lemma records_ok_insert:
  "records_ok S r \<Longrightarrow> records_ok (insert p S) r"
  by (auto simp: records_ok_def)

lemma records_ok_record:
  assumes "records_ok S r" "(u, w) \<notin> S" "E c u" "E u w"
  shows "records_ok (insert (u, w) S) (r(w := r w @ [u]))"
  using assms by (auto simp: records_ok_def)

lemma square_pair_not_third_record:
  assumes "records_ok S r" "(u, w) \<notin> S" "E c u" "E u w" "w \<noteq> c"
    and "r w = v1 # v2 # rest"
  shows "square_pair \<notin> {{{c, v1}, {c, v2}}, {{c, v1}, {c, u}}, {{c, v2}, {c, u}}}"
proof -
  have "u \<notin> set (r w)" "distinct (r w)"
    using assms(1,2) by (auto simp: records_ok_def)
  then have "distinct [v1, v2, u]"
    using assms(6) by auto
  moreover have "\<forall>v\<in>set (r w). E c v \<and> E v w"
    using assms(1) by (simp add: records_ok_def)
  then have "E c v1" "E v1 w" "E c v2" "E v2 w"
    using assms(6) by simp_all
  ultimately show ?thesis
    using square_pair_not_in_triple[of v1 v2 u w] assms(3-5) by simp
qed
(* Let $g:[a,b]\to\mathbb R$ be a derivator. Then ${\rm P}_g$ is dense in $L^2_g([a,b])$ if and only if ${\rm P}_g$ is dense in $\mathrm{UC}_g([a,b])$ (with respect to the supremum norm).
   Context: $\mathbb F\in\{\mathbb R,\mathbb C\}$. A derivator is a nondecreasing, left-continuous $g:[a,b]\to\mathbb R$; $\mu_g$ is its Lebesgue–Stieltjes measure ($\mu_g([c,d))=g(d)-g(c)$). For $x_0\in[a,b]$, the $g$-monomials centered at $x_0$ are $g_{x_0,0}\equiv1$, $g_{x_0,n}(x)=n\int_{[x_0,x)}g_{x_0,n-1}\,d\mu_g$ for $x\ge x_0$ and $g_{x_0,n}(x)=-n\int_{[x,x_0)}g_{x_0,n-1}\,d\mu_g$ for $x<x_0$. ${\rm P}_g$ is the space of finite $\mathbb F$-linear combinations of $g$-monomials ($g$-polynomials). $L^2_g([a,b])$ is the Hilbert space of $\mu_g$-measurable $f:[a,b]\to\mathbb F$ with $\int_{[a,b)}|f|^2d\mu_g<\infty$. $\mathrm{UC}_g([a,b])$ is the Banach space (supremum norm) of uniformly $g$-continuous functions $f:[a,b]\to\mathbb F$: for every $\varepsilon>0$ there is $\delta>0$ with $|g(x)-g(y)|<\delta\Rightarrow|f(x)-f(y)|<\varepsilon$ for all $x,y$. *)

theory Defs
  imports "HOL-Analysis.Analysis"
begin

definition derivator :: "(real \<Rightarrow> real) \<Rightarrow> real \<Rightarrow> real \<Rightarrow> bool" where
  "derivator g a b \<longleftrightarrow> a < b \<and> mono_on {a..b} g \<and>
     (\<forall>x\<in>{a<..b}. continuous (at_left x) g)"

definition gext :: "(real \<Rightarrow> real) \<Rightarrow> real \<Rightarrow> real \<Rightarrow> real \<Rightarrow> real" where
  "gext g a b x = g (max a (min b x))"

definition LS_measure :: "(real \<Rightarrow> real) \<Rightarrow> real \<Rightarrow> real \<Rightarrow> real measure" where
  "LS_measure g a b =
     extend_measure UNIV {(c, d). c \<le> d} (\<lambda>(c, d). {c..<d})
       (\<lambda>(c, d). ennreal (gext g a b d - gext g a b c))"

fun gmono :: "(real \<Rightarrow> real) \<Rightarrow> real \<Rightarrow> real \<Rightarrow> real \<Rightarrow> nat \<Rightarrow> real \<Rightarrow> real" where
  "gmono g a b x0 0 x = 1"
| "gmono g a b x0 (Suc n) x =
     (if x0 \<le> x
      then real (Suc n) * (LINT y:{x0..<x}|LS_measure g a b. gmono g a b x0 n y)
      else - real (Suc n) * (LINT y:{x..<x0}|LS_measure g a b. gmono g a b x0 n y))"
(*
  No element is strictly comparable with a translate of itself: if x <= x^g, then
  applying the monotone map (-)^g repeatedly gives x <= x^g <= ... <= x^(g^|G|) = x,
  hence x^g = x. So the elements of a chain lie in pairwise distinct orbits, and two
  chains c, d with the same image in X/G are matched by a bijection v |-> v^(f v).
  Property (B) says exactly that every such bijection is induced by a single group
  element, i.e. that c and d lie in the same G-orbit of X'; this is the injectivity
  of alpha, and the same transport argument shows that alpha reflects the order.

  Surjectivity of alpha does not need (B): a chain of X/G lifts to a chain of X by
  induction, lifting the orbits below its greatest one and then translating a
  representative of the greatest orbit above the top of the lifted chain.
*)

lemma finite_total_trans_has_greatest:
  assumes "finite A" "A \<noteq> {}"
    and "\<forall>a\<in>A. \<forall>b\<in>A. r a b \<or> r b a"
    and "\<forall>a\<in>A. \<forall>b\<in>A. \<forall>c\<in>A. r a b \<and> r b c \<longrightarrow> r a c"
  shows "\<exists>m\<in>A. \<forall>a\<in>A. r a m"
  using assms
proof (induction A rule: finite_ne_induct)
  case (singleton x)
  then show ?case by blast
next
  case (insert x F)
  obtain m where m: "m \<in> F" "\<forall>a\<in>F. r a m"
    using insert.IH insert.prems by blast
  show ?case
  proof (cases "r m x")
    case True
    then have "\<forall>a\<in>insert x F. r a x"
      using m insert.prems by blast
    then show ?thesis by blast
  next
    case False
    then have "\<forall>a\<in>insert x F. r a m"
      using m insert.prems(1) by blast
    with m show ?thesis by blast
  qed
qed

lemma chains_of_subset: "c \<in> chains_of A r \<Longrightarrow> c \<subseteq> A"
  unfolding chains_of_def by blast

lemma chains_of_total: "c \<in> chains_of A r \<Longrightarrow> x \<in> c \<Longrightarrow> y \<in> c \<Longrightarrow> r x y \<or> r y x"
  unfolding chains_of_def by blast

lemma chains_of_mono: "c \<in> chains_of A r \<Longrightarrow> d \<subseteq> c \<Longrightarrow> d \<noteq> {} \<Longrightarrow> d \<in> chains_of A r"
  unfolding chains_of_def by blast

□ □ □ □ □ □ □

* Required work:
Give back the opening line of the records above and every line after it, up to and including the one with "(* Let $g:[a,b]\to\mathbb", unchanged.

* Completed task:
lemma records_ok_insert:
  "records_ok S r \<Longrightarrow> records_ok (insert p S) r"
  by (auto simp: records_ok_def)

lemma records_ok_record:
  assumes "records_ok S r" "(u, w) \<notin> S" "E c u" "E u w"
  shows "records_ok (insert (u, w) S) (r(w := r w @ [u]))"
  using assms by (auto simp: records_ok_def)

lemma square_pair_not_third_record:
  assumes "records_ok S r" "(u, w) \<notin> S" "E c u" "E u w" "w \<noteq> c"
    and "r w = v1 # v2 # rest"
  shows "square_pair \<notin> {{{c, v1}, {c, v2}}, {{c, v1}, {c, u}}, {{c, v2}, {c, u}}}"
proof -
  have "u \<notin> set (r w)" "distinct (r w)"
    using assms(1,2) by (auto simp: records_ok_def)
  then have "distinct [v1, v2, u]"
    using assms(6) by auto
  moreover have "\<forall>v\<in>set (r w). E c v \<and> E v w"
    using assms(1) by (simp add: records_ok_def)
  then have "E c v1" "E v1 w" "E c v2" "E v2 w"
    using assms(6) by simp_all
  ultimately show ?thesis
    using square_pair_not_in_triple[of v1 v2 u w] assms(3-5) by simp
qed
(* Let $g:[a,b]\to\mathbb R$ be a derivator. Then ${\rm P}_g$ is dense in $L^2_g([a,b])$ if and only if ${\rm P}_g$ is dense in $\mathrm{UC}_g([a,b])$ (with respect to the supremum norm).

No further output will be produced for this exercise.